### [Records to use]
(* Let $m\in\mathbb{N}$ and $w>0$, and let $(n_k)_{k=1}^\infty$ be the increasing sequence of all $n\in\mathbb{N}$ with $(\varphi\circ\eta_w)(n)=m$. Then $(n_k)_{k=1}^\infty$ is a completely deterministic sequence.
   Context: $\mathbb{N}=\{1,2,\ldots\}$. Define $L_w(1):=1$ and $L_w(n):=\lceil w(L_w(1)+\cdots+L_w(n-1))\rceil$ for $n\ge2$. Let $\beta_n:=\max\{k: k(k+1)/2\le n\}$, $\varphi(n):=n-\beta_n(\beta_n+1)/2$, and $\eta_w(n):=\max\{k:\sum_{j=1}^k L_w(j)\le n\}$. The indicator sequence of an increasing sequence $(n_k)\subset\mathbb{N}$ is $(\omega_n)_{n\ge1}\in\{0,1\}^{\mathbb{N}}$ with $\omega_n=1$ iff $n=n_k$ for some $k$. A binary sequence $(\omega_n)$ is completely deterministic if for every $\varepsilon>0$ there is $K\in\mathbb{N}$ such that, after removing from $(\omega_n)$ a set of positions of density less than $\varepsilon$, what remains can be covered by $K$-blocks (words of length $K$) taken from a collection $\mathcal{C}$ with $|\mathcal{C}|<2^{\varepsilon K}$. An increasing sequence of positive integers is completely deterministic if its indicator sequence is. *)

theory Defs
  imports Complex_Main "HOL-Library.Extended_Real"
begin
...
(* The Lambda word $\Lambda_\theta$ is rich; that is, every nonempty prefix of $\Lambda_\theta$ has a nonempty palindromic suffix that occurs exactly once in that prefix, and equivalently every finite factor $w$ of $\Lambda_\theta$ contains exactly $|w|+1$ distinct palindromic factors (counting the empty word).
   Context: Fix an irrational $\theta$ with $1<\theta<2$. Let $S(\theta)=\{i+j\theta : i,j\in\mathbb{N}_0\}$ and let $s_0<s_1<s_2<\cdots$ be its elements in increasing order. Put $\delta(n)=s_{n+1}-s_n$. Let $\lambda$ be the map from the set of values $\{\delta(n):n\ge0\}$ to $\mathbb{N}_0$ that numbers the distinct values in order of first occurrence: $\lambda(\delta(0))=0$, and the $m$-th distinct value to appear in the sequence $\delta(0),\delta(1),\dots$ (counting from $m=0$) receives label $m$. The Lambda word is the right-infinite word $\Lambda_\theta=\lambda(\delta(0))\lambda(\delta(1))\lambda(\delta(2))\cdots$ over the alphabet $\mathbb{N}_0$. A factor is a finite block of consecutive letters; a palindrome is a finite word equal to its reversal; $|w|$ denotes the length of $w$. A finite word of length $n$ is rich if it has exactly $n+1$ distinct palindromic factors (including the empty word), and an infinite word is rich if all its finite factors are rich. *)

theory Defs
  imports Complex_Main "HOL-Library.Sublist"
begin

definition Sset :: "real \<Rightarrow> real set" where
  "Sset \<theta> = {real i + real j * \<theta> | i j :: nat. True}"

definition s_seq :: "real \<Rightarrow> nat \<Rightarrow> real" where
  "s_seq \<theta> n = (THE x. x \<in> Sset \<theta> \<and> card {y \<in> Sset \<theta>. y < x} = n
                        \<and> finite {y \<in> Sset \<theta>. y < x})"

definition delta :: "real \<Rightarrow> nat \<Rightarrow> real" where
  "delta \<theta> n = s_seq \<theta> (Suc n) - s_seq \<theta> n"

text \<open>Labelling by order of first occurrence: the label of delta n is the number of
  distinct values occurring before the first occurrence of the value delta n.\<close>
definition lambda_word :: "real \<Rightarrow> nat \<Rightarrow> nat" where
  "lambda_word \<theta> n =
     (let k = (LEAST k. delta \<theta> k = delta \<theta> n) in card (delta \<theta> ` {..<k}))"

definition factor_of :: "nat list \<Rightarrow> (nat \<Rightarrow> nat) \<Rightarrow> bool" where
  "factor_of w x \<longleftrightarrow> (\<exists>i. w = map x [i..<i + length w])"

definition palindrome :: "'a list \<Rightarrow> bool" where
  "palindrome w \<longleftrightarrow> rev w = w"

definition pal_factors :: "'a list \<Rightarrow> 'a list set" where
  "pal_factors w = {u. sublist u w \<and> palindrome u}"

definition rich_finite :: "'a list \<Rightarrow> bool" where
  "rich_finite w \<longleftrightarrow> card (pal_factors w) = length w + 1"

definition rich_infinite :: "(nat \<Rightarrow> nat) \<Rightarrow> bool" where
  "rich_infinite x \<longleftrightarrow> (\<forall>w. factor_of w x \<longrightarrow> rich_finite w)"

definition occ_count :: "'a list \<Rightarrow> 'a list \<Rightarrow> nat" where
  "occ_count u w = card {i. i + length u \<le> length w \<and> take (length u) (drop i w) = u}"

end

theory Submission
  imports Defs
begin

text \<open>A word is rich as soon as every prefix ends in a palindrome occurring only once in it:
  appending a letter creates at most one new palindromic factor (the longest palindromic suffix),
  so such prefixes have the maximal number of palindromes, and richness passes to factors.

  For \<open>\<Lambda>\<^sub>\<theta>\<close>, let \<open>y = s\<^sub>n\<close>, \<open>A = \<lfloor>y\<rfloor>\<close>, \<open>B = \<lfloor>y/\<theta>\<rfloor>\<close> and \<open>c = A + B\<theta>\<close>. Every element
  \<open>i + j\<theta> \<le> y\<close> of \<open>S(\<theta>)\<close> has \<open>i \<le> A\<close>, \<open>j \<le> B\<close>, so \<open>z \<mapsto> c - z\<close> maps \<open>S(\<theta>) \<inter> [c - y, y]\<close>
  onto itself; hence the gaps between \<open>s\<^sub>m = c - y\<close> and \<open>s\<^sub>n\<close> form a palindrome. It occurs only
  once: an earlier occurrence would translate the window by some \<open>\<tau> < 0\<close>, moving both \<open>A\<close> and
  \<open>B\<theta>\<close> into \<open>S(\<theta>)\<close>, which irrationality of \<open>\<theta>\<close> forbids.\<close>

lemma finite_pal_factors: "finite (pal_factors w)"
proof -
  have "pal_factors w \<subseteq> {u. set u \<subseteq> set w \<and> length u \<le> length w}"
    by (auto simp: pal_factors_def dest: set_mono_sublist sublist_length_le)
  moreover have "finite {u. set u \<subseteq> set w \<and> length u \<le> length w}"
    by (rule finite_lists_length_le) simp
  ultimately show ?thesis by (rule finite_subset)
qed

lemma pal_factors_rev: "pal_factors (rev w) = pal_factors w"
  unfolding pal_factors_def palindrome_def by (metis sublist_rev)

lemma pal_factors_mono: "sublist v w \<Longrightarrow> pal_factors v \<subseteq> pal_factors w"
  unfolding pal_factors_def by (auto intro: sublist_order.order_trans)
---
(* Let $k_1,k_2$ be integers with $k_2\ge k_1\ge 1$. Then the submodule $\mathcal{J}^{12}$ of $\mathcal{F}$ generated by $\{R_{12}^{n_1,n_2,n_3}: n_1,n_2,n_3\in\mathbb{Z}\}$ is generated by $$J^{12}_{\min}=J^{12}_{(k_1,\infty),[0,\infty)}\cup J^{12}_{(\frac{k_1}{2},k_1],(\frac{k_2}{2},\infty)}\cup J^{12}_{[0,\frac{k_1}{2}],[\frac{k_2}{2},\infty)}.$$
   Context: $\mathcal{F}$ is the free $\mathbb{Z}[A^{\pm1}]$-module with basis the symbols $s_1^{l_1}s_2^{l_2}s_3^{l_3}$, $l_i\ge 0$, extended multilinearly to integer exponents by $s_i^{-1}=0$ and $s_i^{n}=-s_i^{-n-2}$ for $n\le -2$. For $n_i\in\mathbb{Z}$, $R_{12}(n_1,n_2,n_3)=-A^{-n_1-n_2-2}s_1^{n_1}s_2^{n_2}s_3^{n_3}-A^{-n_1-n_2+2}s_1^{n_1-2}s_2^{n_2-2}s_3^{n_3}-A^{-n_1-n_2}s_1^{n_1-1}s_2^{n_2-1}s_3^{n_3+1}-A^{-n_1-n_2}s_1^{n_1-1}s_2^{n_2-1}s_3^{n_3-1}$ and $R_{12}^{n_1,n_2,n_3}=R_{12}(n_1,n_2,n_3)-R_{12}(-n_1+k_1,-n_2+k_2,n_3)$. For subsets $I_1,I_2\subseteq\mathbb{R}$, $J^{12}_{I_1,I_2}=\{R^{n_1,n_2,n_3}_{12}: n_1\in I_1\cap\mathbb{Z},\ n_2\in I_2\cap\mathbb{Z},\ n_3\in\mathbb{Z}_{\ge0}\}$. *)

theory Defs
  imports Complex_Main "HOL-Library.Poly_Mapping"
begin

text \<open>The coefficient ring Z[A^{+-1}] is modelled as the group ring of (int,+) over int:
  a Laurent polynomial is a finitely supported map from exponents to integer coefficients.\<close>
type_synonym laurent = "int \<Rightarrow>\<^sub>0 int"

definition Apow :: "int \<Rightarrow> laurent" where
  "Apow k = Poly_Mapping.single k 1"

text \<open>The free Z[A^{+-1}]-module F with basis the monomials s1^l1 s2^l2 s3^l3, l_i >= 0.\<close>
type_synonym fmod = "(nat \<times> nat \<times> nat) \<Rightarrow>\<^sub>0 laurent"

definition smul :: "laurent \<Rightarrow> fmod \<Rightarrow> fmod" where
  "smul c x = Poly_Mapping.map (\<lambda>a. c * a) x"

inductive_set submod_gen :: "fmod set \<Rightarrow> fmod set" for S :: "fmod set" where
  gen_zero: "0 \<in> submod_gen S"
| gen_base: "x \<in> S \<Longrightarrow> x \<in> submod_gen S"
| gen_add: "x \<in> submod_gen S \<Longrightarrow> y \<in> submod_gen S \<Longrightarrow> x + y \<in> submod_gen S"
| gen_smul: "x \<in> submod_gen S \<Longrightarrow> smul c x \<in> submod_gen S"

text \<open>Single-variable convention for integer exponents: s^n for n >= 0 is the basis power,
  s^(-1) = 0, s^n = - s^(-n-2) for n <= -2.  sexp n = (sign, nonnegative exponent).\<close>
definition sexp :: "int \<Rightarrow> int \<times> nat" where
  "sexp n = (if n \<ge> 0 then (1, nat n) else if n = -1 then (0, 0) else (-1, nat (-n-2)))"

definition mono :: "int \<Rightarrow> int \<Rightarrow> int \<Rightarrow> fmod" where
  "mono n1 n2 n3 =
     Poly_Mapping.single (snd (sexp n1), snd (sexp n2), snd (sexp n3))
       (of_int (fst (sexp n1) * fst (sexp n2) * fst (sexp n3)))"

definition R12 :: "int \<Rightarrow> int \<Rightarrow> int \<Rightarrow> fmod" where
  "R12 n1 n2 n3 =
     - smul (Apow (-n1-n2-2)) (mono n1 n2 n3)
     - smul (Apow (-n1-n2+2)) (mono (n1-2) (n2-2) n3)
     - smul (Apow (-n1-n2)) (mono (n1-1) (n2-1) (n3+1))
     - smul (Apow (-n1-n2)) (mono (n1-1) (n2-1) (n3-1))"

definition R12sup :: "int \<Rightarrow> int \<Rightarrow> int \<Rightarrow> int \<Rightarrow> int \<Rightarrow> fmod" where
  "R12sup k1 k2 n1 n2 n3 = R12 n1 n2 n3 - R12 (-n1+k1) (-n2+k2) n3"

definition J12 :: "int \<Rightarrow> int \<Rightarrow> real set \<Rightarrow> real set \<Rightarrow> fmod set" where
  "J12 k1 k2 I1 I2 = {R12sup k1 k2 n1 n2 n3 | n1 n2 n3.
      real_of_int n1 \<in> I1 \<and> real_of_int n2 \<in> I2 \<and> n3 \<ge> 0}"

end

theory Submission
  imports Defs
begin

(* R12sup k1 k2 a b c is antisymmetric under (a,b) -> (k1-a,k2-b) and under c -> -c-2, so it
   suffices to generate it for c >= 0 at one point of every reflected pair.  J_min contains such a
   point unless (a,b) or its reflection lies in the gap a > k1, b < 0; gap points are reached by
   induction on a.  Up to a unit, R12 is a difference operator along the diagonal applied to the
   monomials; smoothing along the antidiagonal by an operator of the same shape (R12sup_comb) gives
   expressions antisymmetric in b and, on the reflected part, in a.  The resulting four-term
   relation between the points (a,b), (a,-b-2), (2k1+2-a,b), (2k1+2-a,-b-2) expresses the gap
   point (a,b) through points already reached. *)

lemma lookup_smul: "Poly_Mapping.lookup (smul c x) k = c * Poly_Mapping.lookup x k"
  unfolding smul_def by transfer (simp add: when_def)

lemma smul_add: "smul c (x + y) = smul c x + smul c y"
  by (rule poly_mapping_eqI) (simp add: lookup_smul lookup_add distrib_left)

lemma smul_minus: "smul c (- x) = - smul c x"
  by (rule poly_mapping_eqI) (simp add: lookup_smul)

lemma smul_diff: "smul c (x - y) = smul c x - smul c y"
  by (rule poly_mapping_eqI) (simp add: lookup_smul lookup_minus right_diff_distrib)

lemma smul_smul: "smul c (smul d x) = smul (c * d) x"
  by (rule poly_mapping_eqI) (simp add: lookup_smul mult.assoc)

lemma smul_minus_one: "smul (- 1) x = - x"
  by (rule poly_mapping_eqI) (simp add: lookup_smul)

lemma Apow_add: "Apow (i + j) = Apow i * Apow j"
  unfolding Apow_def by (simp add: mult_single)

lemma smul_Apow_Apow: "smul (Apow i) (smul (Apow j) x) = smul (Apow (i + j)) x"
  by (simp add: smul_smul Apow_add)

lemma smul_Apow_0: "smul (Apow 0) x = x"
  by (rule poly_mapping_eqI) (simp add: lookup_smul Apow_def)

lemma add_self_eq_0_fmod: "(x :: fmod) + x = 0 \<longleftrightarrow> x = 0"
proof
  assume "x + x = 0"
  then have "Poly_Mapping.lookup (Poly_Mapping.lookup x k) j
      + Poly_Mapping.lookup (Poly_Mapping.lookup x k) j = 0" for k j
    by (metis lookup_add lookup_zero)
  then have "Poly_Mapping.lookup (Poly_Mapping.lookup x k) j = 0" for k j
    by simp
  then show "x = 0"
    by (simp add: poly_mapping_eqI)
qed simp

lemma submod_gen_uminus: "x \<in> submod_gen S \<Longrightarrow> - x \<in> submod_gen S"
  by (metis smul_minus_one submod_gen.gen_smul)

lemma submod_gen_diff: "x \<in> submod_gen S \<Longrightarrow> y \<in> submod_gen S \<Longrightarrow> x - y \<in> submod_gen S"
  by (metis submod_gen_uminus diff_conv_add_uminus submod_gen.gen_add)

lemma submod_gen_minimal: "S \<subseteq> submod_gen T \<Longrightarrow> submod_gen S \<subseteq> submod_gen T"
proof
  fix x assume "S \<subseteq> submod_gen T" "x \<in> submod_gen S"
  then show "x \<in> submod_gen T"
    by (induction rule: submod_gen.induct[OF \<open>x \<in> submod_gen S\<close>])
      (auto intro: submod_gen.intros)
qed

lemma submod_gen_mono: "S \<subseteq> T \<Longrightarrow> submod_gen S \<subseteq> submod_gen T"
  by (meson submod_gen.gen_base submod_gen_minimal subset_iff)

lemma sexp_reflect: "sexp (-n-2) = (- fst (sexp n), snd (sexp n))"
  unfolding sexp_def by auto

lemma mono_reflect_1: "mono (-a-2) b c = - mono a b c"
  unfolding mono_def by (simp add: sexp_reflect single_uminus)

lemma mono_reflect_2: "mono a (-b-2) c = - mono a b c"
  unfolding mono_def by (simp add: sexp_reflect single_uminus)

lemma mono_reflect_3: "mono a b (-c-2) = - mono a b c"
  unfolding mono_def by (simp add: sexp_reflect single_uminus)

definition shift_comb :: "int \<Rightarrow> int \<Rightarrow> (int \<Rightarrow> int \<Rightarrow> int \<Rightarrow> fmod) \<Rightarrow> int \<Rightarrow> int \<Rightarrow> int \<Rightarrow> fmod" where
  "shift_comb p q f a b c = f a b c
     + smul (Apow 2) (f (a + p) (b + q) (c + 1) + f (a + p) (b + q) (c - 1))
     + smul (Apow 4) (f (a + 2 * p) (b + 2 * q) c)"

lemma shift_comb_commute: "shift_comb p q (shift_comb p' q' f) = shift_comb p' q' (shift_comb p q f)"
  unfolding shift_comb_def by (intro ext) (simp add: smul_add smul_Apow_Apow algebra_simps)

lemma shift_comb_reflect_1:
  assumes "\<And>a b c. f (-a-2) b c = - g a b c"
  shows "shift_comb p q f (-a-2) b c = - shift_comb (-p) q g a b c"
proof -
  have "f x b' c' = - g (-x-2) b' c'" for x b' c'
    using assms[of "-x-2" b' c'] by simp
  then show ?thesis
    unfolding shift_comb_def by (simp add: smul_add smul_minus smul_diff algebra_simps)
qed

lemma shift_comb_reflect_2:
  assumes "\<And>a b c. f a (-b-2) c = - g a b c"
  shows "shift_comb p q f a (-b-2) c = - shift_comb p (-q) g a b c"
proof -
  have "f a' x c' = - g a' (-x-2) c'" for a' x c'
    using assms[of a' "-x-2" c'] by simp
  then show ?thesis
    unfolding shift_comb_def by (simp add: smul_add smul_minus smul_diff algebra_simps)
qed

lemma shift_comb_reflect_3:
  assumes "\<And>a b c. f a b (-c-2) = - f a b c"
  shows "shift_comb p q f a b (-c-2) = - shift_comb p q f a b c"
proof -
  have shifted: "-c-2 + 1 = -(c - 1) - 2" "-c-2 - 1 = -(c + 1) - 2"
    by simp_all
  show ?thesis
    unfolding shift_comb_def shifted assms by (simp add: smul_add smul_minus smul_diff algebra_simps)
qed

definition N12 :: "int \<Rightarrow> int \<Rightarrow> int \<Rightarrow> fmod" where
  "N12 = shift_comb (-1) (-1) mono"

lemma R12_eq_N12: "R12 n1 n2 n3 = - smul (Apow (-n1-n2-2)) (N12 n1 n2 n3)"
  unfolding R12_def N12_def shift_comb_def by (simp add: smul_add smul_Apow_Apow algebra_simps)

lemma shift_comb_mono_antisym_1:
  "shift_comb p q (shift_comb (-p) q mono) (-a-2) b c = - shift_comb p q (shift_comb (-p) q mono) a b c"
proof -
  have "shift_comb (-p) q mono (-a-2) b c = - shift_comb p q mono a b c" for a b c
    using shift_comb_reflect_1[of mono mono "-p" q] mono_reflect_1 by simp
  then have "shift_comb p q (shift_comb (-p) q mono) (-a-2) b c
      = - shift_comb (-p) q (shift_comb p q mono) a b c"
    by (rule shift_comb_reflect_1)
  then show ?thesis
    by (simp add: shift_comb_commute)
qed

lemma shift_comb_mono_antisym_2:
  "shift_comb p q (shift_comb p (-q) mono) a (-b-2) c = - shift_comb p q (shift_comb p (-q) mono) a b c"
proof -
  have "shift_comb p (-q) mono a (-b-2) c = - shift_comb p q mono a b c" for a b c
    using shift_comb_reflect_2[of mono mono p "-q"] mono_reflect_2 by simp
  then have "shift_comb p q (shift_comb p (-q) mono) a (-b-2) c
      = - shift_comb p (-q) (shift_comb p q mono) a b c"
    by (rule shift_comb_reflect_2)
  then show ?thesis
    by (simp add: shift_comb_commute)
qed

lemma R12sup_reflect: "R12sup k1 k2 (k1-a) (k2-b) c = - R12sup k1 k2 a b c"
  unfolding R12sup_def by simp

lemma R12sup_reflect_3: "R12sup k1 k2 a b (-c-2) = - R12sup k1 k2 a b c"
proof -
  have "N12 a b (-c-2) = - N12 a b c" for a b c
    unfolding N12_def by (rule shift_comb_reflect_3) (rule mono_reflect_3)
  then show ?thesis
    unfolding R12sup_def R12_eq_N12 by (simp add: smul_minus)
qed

### [Brief]
A single number is expected: how many lines in the entries contain "only".

### [Answer section]
2